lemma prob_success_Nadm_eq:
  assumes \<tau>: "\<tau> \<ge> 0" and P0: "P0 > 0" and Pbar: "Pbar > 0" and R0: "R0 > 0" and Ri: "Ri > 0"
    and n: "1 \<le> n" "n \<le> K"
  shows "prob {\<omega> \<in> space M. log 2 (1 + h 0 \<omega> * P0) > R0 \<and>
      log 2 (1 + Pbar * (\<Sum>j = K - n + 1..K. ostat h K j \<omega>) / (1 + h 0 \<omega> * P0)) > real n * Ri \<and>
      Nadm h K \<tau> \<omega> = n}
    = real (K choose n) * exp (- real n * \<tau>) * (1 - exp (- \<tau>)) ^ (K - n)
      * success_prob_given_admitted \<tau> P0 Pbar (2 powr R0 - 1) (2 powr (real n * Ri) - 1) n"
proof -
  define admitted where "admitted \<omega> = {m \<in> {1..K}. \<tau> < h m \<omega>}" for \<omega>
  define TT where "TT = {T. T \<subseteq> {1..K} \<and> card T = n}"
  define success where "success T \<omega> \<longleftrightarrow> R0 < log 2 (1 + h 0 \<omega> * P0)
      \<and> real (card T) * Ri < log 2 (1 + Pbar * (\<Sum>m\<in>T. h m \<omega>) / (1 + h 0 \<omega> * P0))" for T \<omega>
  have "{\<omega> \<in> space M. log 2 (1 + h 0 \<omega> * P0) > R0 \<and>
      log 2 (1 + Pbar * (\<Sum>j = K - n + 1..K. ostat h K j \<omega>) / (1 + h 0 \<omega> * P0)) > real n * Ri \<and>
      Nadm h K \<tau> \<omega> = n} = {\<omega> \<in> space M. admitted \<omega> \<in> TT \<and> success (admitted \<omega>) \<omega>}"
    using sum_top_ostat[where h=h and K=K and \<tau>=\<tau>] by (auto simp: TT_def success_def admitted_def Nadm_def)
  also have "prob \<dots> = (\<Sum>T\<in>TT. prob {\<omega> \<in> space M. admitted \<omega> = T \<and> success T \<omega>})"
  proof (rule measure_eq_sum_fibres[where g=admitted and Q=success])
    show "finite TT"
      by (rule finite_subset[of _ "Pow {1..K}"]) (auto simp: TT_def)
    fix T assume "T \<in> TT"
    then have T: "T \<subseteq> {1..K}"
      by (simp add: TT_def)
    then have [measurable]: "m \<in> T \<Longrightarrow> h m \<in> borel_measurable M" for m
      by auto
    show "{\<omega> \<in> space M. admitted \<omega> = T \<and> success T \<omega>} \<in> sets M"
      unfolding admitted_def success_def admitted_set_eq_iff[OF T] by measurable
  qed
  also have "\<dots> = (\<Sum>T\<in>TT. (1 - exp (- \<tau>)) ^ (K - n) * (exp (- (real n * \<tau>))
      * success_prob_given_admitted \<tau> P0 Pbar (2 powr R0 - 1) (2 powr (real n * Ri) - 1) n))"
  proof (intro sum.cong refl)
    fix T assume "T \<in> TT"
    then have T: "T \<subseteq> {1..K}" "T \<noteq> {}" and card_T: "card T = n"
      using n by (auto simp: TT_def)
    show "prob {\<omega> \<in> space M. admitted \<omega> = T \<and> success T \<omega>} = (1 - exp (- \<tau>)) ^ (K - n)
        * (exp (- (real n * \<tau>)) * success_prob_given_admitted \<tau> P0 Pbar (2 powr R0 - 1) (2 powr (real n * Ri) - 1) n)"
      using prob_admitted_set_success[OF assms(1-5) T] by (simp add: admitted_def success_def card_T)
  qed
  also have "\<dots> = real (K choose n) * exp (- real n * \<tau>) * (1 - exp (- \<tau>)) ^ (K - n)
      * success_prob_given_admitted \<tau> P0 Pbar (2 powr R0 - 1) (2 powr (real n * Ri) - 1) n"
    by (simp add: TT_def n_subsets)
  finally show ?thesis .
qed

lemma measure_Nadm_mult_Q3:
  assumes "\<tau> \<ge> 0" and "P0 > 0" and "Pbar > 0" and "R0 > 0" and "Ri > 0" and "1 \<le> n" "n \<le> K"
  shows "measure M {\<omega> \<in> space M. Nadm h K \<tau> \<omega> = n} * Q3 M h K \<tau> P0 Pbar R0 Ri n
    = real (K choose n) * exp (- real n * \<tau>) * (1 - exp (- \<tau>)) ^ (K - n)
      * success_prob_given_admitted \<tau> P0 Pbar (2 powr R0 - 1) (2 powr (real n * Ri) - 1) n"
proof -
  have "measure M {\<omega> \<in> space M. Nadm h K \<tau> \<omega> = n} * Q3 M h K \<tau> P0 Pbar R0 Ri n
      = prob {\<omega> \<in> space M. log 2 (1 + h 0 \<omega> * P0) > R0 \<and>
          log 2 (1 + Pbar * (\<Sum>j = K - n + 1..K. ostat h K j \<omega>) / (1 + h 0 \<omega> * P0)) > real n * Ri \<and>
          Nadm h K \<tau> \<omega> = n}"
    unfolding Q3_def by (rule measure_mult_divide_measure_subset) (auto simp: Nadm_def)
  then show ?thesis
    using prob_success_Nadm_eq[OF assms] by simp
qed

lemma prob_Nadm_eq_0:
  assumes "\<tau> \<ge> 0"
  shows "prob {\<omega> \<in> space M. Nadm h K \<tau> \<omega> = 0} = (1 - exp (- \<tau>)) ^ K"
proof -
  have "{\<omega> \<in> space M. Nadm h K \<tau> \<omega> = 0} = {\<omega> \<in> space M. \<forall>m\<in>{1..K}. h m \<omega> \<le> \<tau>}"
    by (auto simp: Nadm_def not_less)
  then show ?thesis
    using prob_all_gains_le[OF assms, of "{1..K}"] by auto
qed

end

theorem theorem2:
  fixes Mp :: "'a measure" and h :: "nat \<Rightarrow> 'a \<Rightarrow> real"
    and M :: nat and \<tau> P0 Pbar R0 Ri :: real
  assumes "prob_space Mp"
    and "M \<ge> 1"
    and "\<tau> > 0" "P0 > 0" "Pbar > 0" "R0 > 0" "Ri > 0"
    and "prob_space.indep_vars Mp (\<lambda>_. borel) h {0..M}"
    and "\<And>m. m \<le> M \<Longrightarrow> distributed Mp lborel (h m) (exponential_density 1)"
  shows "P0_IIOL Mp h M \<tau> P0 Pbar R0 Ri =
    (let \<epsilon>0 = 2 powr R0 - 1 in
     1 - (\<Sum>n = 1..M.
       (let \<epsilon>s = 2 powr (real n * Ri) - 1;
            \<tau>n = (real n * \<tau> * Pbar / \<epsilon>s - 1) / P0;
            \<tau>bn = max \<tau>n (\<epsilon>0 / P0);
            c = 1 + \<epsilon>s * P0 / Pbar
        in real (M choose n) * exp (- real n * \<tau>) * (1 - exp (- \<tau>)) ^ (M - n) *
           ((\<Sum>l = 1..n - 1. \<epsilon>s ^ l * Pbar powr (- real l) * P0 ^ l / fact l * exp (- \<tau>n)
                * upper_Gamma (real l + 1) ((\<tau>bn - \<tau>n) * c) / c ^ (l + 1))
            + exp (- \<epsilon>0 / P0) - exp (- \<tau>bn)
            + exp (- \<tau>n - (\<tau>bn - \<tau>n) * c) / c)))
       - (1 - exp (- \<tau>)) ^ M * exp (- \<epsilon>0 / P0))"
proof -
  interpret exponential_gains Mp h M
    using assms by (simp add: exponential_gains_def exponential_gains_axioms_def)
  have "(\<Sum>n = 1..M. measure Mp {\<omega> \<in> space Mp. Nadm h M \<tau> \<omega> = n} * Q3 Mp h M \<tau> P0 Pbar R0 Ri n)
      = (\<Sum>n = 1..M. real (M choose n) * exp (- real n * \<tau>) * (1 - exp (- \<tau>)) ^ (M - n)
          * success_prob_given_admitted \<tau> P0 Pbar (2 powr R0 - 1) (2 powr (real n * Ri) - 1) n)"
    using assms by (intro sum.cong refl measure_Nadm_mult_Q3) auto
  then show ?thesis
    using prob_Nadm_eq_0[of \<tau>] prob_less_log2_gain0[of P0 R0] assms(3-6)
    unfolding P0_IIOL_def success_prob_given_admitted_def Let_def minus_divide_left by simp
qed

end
* * *
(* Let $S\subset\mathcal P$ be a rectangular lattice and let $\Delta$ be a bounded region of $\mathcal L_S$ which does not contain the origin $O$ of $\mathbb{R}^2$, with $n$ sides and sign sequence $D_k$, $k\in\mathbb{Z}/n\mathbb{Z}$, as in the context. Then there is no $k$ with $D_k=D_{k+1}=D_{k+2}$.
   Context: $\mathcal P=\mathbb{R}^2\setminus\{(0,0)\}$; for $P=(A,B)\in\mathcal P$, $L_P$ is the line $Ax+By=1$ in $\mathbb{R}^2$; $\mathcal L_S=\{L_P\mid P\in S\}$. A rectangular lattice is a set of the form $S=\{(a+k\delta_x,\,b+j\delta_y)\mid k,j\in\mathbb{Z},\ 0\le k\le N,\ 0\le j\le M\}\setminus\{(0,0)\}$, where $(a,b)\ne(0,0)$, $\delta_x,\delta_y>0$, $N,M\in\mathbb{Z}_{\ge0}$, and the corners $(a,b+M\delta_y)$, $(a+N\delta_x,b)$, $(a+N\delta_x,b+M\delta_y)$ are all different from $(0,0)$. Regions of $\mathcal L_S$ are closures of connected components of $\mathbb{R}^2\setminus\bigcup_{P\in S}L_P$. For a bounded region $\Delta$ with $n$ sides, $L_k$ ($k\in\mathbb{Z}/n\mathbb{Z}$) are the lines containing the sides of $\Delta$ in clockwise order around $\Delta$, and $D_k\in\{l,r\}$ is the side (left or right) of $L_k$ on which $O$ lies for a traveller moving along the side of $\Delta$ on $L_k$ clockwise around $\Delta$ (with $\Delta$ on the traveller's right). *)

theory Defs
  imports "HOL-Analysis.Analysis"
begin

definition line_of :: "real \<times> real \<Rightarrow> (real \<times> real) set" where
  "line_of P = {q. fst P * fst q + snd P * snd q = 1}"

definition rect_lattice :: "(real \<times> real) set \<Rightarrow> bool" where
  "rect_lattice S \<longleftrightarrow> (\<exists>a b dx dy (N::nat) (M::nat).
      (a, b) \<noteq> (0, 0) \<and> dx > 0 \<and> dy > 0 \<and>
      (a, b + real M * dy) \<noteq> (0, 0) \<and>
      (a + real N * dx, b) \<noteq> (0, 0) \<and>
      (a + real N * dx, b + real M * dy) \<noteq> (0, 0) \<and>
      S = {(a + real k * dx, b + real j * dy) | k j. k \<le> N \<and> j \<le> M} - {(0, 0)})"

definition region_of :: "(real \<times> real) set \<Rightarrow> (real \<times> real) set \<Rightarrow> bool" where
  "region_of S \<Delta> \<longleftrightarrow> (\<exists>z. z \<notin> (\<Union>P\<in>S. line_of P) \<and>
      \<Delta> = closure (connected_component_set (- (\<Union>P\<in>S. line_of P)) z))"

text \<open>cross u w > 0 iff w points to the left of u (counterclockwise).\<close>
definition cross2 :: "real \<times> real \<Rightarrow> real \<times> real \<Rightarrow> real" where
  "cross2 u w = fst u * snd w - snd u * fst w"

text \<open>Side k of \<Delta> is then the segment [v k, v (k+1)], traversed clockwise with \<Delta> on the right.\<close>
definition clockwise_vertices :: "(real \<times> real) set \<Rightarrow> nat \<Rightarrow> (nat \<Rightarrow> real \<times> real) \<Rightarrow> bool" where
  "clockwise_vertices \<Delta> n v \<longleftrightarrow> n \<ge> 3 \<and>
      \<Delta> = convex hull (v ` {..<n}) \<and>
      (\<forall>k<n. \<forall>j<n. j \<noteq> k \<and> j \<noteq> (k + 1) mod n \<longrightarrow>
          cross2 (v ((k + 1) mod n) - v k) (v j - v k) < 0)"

◆ Exercise ◆
Within the entries, find all lines that contain "refl" and copy each one.

◆ Completed task ◆
  proof (intro sum.cong refl)
    using assms by (intro sum.cong refl measure_Nadm_mult_Q3) auto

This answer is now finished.